EXERCISE BRIEF:
Return, word for word, the lines of the listing below from the one with "using ex_bij_betw_finite_nat finite_card_fav" through the one with "proof (induction s arbitrary: t xs ys)", and no other lines.
◇ ◇ ◇ ◇ ◇ ◇ ◇
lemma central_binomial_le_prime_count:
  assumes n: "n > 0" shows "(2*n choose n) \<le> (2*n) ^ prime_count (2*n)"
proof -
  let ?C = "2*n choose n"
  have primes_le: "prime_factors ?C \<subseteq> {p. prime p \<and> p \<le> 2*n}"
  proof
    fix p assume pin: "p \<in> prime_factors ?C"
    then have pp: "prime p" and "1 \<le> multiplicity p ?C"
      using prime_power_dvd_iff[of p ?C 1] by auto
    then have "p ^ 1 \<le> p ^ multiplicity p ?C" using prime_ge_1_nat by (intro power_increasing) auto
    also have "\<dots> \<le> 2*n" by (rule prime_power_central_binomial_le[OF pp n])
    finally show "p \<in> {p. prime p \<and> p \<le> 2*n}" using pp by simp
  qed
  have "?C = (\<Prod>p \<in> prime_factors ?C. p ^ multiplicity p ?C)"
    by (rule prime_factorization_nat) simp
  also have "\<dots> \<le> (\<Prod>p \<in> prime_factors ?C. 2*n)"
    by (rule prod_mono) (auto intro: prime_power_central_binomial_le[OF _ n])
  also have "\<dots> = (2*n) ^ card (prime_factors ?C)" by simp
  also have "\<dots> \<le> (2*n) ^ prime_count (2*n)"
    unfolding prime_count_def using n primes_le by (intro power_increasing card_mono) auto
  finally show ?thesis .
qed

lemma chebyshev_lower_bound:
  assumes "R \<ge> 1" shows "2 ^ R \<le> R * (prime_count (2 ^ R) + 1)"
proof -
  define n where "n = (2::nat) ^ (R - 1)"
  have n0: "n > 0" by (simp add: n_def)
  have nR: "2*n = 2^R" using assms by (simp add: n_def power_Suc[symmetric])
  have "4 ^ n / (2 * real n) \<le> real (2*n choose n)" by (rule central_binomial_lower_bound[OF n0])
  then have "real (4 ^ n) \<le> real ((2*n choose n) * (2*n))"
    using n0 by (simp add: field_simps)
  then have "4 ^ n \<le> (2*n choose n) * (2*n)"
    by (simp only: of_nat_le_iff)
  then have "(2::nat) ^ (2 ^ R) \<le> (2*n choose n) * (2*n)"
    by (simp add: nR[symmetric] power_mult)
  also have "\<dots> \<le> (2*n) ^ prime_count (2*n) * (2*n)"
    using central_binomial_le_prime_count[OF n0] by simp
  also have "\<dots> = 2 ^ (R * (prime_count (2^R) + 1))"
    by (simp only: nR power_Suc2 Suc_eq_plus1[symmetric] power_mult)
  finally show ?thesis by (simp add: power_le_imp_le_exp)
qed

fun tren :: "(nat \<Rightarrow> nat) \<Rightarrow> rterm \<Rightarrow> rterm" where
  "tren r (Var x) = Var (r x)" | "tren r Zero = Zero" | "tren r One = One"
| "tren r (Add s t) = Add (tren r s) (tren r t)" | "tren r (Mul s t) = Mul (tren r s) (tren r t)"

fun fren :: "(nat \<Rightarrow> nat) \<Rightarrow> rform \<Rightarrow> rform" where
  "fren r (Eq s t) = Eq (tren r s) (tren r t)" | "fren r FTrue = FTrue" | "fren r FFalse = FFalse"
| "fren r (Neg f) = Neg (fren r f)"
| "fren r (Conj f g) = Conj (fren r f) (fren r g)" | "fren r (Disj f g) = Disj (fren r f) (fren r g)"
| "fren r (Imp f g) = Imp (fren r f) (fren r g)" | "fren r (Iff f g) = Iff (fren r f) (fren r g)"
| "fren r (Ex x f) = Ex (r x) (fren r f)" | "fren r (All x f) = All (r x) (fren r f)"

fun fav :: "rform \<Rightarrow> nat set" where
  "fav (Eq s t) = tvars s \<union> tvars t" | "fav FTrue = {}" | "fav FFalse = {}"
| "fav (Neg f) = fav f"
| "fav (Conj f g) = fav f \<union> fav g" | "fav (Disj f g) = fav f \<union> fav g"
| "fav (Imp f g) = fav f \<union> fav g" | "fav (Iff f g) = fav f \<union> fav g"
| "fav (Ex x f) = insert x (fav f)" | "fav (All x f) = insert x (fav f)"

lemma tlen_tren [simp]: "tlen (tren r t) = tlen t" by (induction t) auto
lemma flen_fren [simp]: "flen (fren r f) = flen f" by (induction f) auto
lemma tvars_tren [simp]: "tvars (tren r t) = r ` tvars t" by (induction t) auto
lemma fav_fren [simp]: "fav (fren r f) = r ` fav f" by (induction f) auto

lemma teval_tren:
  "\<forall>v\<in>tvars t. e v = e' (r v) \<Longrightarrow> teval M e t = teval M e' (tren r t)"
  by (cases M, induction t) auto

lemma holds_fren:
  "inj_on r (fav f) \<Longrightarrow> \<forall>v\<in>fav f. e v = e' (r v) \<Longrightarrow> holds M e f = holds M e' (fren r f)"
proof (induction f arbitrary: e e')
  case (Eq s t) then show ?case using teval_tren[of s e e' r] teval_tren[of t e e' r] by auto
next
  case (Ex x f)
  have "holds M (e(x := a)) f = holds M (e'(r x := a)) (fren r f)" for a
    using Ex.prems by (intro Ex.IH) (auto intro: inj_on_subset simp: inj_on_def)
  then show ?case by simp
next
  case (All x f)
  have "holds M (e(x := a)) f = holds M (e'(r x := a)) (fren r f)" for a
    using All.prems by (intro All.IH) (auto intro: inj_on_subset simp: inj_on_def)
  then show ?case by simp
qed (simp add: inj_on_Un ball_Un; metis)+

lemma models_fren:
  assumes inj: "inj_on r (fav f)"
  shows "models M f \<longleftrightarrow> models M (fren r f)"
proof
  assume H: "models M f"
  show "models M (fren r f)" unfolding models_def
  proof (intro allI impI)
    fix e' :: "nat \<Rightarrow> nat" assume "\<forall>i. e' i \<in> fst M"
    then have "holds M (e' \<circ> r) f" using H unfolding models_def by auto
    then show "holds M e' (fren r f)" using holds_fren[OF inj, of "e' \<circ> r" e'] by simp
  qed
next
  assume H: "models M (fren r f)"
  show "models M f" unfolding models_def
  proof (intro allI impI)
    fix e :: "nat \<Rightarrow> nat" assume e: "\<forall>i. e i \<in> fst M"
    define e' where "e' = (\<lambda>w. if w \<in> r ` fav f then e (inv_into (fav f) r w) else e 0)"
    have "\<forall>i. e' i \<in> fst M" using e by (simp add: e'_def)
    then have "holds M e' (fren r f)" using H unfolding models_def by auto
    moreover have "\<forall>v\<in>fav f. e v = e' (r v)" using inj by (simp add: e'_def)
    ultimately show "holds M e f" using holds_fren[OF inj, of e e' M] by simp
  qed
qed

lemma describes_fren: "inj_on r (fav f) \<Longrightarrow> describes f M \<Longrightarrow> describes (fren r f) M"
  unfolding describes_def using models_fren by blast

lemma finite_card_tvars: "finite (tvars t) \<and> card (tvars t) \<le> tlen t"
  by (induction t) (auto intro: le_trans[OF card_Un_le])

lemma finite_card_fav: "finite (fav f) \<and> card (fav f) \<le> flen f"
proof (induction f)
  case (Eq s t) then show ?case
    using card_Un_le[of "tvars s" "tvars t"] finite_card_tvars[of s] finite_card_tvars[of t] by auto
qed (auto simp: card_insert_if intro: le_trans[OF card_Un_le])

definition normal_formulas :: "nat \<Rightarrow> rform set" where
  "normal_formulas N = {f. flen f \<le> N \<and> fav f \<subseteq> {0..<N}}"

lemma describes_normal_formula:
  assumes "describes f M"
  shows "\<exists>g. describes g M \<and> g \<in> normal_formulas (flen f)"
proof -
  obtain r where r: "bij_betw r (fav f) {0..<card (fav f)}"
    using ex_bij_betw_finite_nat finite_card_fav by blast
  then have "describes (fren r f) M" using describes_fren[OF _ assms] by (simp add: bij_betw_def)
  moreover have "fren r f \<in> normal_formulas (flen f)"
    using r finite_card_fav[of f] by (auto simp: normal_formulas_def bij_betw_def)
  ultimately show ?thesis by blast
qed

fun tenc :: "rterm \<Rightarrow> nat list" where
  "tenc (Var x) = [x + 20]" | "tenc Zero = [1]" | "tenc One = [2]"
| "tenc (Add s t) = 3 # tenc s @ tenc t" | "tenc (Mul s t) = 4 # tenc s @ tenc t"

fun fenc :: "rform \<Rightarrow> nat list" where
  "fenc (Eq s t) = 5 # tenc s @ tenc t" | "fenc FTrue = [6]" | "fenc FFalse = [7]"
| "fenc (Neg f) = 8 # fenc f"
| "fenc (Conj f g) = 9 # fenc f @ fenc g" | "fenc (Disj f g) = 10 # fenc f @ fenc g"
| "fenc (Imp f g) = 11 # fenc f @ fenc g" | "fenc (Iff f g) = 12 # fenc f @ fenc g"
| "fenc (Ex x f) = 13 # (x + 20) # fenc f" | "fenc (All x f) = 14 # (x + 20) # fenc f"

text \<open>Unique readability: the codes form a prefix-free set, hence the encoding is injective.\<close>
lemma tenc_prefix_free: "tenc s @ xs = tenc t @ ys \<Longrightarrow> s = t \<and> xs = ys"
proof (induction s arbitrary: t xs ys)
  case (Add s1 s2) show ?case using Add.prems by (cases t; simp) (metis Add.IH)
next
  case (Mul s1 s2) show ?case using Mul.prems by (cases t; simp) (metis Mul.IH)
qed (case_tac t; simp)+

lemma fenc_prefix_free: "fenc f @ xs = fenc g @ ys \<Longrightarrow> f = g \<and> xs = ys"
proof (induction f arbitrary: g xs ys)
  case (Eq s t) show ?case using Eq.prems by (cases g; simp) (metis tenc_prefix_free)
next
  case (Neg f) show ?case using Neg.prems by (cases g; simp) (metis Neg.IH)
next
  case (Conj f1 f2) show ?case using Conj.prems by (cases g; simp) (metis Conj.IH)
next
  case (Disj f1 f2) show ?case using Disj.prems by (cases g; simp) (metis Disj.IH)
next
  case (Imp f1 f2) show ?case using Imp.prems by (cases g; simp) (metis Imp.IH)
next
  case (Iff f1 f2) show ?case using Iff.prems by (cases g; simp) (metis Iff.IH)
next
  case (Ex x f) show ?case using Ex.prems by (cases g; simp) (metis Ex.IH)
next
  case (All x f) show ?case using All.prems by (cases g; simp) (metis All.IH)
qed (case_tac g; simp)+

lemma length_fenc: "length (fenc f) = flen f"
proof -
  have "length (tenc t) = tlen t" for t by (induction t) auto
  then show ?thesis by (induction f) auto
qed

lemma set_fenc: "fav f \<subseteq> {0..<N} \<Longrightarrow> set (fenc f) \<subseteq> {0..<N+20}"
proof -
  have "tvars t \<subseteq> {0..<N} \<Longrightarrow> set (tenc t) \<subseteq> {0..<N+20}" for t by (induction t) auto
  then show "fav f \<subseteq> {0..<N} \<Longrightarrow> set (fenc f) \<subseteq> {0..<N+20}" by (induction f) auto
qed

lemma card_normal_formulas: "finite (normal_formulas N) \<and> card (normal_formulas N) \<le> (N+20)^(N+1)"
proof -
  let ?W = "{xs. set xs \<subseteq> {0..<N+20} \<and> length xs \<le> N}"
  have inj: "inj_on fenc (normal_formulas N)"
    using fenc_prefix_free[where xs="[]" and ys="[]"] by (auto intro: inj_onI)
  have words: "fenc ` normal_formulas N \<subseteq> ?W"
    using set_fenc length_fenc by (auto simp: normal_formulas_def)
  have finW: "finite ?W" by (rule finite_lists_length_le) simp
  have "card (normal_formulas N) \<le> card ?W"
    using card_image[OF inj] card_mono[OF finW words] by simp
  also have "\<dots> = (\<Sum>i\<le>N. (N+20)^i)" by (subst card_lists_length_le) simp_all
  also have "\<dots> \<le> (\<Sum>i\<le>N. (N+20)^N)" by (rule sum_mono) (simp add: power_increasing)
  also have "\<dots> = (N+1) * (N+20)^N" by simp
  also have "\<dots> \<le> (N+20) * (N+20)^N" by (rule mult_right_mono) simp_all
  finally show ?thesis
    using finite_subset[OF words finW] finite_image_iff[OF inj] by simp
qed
◇ ◇ ◇ ◇ ◇ ◇ ◇
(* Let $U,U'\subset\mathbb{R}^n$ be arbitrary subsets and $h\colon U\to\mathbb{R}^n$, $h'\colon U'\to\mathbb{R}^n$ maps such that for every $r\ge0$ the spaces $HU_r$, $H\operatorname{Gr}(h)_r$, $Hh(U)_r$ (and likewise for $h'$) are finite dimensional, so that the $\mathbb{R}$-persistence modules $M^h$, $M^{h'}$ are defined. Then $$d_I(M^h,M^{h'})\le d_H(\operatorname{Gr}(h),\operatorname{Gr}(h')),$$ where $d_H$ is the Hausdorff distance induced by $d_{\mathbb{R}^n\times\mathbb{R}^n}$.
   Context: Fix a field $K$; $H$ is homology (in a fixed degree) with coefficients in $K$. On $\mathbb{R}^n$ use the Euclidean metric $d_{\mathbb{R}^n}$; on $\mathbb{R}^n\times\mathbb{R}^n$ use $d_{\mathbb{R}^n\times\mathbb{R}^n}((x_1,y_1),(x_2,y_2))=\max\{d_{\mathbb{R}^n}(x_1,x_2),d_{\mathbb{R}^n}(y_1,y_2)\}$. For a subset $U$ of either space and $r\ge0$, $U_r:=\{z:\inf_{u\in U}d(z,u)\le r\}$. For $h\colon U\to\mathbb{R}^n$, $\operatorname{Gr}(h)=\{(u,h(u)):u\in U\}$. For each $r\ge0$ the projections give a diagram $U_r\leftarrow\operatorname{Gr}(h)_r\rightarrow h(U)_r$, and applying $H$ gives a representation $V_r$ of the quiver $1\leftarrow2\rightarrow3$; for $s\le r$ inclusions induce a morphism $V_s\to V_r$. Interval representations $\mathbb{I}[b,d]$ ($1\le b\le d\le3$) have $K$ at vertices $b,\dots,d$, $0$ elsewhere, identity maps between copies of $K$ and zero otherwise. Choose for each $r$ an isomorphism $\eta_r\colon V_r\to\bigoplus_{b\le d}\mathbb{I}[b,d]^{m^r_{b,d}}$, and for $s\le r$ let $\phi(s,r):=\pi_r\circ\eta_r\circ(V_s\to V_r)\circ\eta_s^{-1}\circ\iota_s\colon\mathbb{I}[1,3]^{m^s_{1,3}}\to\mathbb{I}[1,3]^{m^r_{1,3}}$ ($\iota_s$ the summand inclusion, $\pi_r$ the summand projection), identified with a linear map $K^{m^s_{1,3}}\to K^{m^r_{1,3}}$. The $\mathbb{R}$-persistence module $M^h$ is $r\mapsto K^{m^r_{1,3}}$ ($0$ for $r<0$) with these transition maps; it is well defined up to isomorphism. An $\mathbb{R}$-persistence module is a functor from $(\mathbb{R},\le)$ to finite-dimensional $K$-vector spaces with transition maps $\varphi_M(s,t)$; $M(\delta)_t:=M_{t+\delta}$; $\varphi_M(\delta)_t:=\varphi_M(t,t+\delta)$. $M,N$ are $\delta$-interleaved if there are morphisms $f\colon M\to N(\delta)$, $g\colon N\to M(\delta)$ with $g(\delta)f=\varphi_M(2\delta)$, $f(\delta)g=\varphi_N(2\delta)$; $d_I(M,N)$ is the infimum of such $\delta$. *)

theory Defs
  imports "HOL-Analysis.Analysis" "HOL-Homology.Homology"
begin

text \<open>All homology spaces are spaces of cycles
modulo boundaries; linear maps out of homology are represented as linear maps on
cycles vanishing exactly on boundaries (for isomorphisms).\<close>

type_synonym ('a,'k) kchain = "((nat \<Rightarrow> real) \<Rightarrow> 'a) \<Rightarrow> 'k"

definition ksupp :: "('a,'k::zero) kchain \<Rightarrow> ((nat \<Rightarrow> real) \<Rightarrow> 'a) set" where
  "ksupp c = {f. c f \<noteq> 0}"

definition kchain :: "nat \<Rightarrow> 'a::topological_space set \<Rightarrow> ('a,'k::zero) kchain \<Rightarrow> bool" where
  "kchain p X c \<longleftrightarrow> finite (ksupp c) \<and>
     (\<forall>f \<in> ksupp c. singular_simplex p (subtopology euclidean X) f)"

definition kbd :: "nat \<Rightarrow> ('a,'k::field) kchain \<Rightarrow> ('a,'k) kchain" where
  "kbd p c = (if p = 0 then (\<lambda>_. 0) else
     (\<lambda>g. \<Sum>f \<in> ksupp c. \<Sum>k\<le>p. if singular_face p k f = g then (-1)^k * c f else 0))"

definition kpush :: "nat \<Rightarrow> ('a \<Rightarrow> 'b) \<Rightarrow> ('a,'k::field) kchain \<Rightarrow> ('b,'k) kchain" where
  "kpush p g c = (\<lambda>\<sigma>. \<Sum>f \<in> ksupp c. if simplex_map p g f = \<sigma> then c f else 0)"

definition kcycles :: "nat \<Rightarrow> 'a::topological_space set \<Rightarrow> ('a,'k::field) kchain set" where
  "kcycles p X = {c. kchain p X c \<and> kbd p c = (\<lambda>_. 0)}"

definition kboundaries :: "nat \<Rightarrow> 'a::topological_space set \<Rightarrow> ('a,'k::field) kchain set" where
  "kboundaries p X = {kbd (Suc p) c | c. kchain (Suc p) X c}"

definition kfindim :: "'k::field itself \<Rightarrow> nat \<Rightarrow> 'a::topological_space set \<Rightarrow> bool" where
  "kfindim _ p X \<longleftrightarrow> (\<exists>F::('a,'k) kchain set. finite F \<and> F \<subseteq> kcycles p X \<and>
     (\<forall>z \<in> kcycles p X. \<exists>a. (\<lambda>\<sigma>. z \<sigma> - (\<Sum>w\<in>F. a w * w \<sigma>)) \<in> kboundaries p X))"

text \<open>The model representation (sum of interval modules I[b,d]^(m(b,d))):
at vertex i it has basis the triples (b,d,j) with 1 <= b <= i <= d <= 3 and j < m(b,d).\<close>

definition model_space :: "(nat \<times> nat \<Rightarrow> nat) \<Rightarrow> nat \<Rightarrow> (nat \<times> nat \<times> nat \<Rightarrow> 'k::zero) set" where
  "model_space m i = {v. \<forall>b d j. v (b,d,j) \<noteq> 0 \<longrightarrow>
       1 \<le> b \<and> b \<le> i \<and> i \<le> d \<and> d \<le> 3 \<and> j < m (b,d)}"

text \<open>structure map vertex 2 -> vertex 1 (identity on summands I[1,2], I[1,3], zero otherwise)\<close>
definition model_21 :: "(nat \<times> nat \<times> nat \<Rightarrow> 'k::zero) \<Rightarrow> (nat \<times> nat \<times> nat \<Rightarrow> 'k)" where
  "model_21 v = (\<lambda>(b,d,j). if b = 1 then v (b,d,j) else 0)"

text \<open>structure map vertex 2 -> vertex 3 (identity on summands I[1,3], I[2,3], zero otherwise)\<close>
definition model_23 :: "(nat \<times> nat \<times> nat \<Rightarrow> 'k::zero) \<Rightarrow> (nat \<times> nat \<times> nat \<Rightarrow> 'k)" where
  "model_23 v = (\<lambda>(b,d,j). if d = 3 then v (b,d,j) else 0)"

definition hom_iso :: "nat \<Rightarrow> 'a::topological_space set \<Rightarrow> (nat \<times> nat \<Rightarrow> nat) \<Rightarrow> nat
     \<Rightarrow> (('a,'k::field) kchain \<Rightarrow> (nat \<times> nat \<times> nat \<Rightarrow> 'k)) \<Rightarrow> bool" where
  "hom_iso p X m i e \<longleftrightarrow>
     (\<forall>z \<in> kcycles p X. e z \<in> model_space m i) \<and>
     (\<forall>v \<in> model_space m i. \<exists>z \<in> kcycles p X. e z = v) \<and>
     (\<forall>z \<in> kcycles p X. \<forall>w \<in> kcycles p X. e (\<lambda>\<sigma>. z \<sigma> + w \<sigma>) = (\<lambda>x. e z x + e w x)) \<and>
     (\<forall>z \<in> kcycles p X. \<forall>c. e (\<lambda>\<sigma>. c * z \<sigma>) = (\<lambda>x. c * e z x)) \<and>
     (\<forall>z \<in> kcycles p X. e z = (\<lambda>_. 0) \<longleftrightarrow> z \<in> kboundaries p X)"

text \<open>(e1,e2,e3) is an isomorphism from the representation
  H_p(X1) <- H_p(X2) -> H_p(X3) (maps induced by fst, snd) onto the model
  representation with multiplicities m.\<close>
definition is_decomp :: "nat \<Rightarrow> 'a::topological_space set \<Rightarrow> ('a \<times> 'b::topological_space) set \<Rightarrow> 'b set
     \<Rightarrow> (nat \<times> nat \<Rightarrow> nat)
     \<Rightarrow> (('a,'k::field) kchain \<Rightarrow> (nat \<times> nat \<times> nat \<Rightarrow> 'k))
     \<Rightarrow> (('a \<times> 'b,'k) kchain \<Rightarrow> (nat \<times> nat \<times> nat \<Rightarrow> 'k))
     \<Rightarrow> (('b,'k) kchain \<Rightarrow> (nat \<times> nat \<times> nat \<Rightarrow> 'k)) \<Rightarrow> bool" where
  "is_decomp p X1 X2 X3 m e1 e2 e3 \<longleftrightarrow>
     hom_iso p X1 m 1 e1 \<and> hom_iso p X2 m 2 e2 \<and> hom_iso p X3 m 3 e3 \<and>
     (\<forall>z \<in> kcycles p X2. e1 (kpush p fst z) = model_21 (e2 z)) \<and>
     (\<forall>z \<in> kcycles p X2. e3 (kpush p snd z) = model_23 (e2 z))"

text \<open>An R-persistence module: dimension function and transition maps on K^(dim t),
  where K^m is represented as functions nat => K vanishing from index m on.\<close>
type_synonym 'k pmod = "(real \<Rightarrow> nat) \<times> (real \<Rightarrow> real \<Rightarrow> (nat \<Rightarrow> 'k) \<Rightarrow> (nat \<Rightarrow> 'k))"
◇ ◇ ◇ ◇ ◇ ◇ ◇
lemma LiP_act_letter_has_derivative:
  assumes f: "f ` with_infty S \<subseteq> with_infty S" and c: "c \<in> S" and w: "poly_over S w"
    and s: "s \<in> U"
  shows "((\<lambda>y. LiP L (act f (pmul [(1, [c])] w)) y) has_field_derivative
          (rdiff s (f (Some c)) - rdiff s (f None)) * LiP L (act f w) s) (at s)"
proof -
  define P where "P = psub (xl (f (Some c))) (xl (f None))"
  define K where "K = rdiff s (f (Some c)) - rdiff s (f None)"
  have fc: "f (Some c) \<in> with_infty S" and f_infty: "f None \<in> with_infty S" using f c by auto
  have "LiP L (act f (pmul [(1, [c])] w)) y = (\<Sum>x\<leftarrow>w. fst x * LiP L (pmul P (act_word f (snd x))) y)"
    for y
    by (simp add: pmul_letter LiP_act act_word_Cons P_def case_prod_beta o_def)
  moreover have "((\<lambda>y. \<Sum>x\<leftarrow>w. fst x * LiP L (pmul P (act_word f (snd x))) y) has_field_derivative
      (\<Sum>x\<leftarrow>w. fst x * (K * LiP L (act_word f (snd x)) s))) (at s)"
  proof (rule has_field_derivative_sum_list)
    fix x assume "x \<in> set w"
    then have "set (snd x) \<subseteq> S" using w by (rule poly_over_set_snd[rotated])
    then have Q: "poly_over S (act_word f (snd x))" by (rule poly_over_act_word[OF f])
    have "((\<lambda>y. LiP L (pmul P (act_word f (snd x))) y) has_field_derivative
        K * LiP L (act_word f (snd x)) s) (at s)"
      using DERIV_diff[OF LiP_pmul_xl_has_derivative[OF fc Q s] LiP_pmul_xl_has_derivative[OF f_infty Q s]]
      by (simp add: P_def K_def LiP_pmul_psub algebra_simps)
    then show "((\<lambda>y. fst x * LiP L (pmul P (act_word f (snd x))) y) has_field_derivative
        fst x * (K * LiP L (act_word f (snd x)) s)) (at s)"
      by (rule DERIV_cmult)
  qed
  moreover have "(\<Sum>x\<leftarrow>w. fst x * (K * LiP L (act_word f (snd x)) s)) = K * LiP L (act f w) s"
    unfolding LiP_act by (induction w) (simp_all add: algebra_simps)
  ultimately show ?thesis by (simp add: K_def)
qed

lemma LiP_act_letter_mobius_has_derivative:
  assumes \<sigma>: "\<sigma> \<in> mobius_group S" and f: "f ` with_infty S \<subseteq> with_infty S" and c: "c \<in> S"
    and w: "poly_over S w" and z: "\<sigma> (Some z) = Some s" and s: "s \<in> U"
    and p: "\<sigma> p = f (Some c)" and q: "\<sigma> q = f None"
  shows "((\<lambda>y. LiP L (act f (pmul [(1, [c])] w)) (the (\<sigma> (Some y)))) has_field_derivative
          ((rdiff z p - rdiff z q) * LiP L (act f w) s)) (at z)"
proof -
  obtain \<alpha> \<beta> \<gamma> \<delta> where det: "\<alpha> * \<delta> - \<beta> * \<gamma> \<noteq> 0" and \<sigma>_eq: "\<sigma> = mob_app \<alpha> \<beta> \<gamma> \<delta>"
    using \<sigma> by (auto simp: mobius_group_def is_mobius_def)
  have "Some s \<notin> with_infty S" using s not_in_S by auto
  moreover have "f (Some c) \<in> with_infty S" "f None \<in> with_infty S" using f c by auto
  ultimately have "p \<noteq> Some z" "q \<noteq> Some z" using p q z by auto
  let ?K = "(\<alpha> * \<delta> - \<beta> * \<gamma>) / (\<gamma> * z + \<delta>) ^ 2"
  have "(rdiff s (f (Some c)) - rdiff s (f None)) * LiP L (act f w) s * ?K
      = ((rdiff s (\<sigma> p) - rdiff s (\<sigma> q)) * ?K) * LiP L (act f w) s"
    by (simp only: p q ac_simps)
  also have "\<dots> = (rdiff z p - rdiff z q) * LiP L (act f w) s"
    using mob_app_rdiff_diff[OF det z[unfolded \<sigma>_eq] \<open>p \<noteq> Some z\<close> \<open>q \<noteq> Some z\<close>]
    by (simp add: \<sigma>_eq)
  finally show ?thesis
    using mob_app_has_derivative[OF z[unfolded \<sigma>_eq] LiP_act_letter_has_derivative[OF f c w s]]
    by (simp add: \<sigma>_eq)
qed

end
◇ ◇ ◇ ◇ ◇ ◇ ◇
RESULT OF THE EXERCISE:
    using ex_bij_betw_finite_nat finite_card_fav by blast
  then have "describes (fren r f) M" using describes_fren[OF _ assms] by (simp add: bij_betw_def)
  moreover have "fren r f \<in> normal_formulas (flen f)"
    using r finite_card_fav[of f] by (auto simp: normal_formulas_def bij_betw_def)
  ultimately show ?thesis by blast
qed

fun tenc :: "rterm \<Rightarrow> nat list" where
  "tenc (Var x) = [x + 20]" | "tenc Zero = [1]" | "tenc One = [2]"
| "tenc (Add s t) = 3 # tenc s @ tenc t" | "tenc (Mul s t) = 4 # tenc s @ tenc t"

fun fenc :: "rform \<Rightarrow> nat list" where
  "fenc (Eq s t) = 5 # tenc s @ tenc t" | "fenc FTrue = [6]" | "fenc FFalse = [7]"
| "fenc (Neg f) = 8 # fenc f"
| "fenc (Conj f g) = 9 # fenc f @ fenc g" | "fenc (Disj f g) = 10 # fenc f @ fenc g"
| "fenc (Imp f g) = 11 # fenc f @ fenc g" | "fenc (Iff f g) = 12 # fenc f @ fenc g"
| "fenc (Ex x f) = 13 # (x + 20) # fenc f" | "fenc (All x f) = 14 # (x + 20) # fenc f"

text \<open>Unique readability: the codes form a prefix-free set, hence the encoding is injective.\<close>
lemma tenc_prefix_free: "tenc s @ xs = tenc t @ ys \<Longrightarrow> s = t \<and> xs = ys"
proof (induction s arbitrary: t xs ys)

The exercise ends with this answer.